No, I'm not going to plant anything till sometime in the begining of Nov. Well thats the plan if it cools down if not maybe I'll still have my grass.


----------



## Barrelracer Up (May 22, 2009)

I helped with a hay field one year in Lithia. We used liquid weed and feed every 3 or 4 months and watered once a week if we had no rain - had grass all year. It was Tifton 44. The weeder was Weed Master. Don't know what the fertilizer was.
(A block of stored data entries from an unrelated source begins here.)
(* Let $n\ge1$, $x_1\ge\dots\ge x_n>0$, and let $\xi$, $\pi$, $Z^{x,q}$, $T_{l;j-k}$ and $\zeta^{l;j-k}$ be as in the context. Let $j\le k\le l$ be indices in $[n]$ such that $k=l$ implies $j=l$, and fix $q>0$. Then, almost surely on the event $\{T_{l;j-k}\le q\}$, the cumulative arrival rate of $\zeta^{l;j-k}$ up to time $q$, namely $(q-T_{l;j-k})\,r_{l;j-k}$, equals $q$ times the area of the region $R_{l;j-k}(q)$ matched to $\zeta^{l;j-k}$ at time $q$. In particular, for $l>k$: $(q-T_{l;j-k})\,x_{\pi_l}(x_{\pi_j}+\dots+x_{\pi_k})=q\cdot \mathrm{Area}(R_{l;j-k}(q))$.
   Context: Vertex $i\in[n]$ has mass $x_i$. Let $\xi_1,\dots,\xi_n$ be independent, $\xi_i$ exponential of rate $x_i$, order statistics $\xi_{(1)}<\dots<\xi_{(n)}$, permutation $\pi$ with $\xi_{\pi_i}=\xi_{(i)}$, $\xi^q_{(i)}=\xi_{(i)}/q$. Simultaneous breadth-first walk: $Z^{x,q}(s)=\sum_{i=1}^n x_i\mathbf 1(\xi_i/q\le s)-s$, $s\ge0$, $q>0$; $Z^{x,q}(u-)$ denotes the left limit. Forest $\mathcal F_0(q)$: intervals $I^q_i=(a_i,b_i]$ with $I^q_1=(\xi^q_{(1)},\xi^q_{(1)}+x_{\pi_1}]$; for $i\ge2$, if $\xi^q_{(i)}\le b_{i-1}$ ($\pi_i$ non-root) then $I^q_i=(a_{i-1},b_{i-1}+x_{\pi_i}]$, else ($\pi_i$ root) $I^q_i=(\xi^q_{(i)},\xi^q_{(i)}+x_{\pi_i}]$. The components (trees) of $\mathcal F_0(q)$ are the blocks $\{\pi_i,\dots,\pi_m\}$ consisting of a root $\pi_i$ and the subsequent non-roots up to the next root; they correspond to the excursions of $Z^{x,q}$ above its running infimum. For $j\le k<l$, $T_{l;j-k}$ is the (possibly infinite) time at which the component of $\mathcal F_0$ containing $\pi_l$ merges with a component consisting of exactly $\{\pi_j,\dots,\pi_k\}$; for $j=k=l$, $T_{l;l-l}=0$. The process $\zeta^{l;j-k}$ is a Poisson process active after $T_{l;j-k}$ with rate $r_{l;j-k}=x_{\pi_l}(x_{\pi_j}+\dots+x_{\pi_k})$ if $l>k$, and $r_{l;l-l}=x_{\pi_l}^2/2$. Matched regions at time $z$: for $j=k=l$, $R_{l;l-l}(z)$ is the triangle with vertices $(\xi^z_{(l)},Z^{x,z}(\xi^z_{(l)}-))$, $(\xi^z_{(l)},Z^{x,z}(\xi^z_{(l)}))$, $(\xi^z_{(l)}+x_{\pi_l},Z^{x,z}(\xi^z_{(l)}-))$. For $l>k$ and $z>T_{l;j-k}$, $R_{l;j-k}(z)$ is the parallelogram in the $(x,y)$-plane bounded by the lines $y=-(x-\xi^z_{(l)})+Z^{x,z}(\xi^z_{(l)}-)$, $y=-(x-\xi^z_{(l)})+Z^{x,z}(\xi^z_{(l)})$, $y=Z^{x,z}(\xi^z_{(j)}-)$ and $y=Z^{x,z}(\xi^z_{(k+1)}-)$ (at $z=T_{l;j-k}$ it is degenerate with area $0$). *)

theory Defs
  imports "HOL-Probability.Probability"
begin
lemma sum_lessThan_double:
  fixes g :: "nat \<Rightarrow> 'b::comm_monoid_add"
  shows "(\<Sum>k<2*N. g k) = (\<Sum>i<N. g (2*i)) + (\<Sum>i<N. g (2*i+1))"
proof (induction N)
  case (Suc N)
  have "2 * Suc N = Suc (Suc (2*N))" by simp
  then show ?case using Suc by (simp add: ac_simps)
qed simp

lemma ennreal_suminf_tail_tendsto_0:
  fixes f :: "nat \<Rightarrow> ennreal"
  assumes fin: "(\<Sum>n. f n) \<noteq> \<infinity>"
  shows "(\<lambda>n. \<Sum>k. f (k + n)) \<longlonglongrightarrow> 0"
proof -
  have f: "f n = ennreal (enn2real (f n))" for n
    using fin ennreal_suminf_lessD[of f top n] by (simp add: less_top ennreal_enn2real_if)
  have "summable (\<lambda>n. enn2real (f n))"
    using fin by (intro summable_suminf_not_top) (simp_all flip: f)
  then have "(\<lambda>n. \<Sum>k. enn2real (f (k + n))) \<longlonglongrightarrow> 0"
    by (rule suminf_exist_split2)
  moreover have "(\<Sum>k. f (k + n)) = ennreal (\<Sum>k. enn2real (f (k + n)))" for n
    by (subst f) (intro suminf_ennreal2 summable_ignore_initial_segment \<open>summable _\<close>, simp_all)
  moreover have "0 \<le> (\<Sum>k. enn2real (f (k + n)))" for n
    by (intro suminf_nonneg summable_ignore_initial_segment \<open>summable _\<close>) simp
  ultimately show ?thesis
    by (simp add: ennreal_tendsto_0_iff)
qed

lemma exists_step_becoming_true:
  assumes "n \<le> m" "P m" "\<not> P n"
  shows "\<exists>k\<ge>n. P (Suc k) \<and> \<not> P k"
  using assms
proof (induction m rule: dec_induct)
  case (step m)
  then show ?case by (cases "P m") auto
qed simp

lemma exists_inverse_Suc_layer:
  fixes t :: real
  assumes "0 < t"
  shows "1 / real (Suc n) \<le> t \<or> (\<exists>k. 1 / real (Suc (Suc (k + n))) \<le> t \<and> t < 1 / real (Suc (k + n)))"
proof -
  obtain m where "1 / real (Suc m) < t"
    using assms by (metis inverse_eq_divide reals_Archimedean)
  moreover have "1 / real (Suc (max m n)) \<le> 1 / real (Suc m)"
    by (intro divide_left_mono) auto
  ultimately have "1 / real (Suc (max m n)) \<le> t"
    by linarith
  then show ?thesis
    using exists_step_becoming_true[of n "max m n" "\<lambda>j. 1 / real (Suc j) \<le> t"]
    by (metis le_add_diff_inverse2 max.cobounded2 not_le)
qed

locale metric_outer_measure =
  fixes \<mu> :: "'a::metric_space set \<Rightarrow> ennreal"
  assumes mono: "A \<subseteq> B \<Longrightarrow> \<mu> A \<le> \<mu> B"
    and empty: "\<mu> {} = 0"
    and countably_subadditive: "\<mu> (\<Union>n. C n) \<le> (\<Sum>n. \<mu> (C n))"
    and separated_superadditive: "positively_separated A B \<Longrightarrow> \<mu> A + \<mu> B \<le> \<mu> (A \<union> B)"
begin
We used the big tank sprayer that you pull with a tractor (you can rent a small one to pull with a lawn mower) and mixed Weed Master, the fertilizer, and defoamer together. We sprayed the pastures too - kept the stock off for a day or so was all.


----------



## Production Acres (Aug 26, 2009)

There is absolutly nothing wrong with overseeding a winter annual into your pasture. rye, ryegrass, oats, wheat, would all be good choices - probably like the oats or ryegrass option best. You could probably get by with spreading the seed with a broadcast spreader or by hand, but if you want to do the job right, rent a no-till drill from the local co-op or NRCS office. Put the seed in about 1/2" deep and you are set. You do need to put down some fertilizer as well. If you have been using this ground for pasture for several years and have been spreading manure on it, you may only need a little N - at least 50 units. The biggest thing you need to check is pH. You need your soil at least at 6 - preferably at 6.5pH. Lime accordingly. But, if you aren't going to check your pH and fertilize and lime accordingly, don't waste the money on the seed - Just buy hay!
We have seen a lot of horse owners over the years get all excited about rotation grazing, new and exciting grasses, pasture renovation, seeding horse pasture mixes, etc. Sometimes they are in a position to take advantage of these practices - most of the time they are not. If you already own a lot of farm machinery, you may be able to make it work, but buying 20K in farm machinery to renovate 2 acres would buy a lot of hay for many years.


----------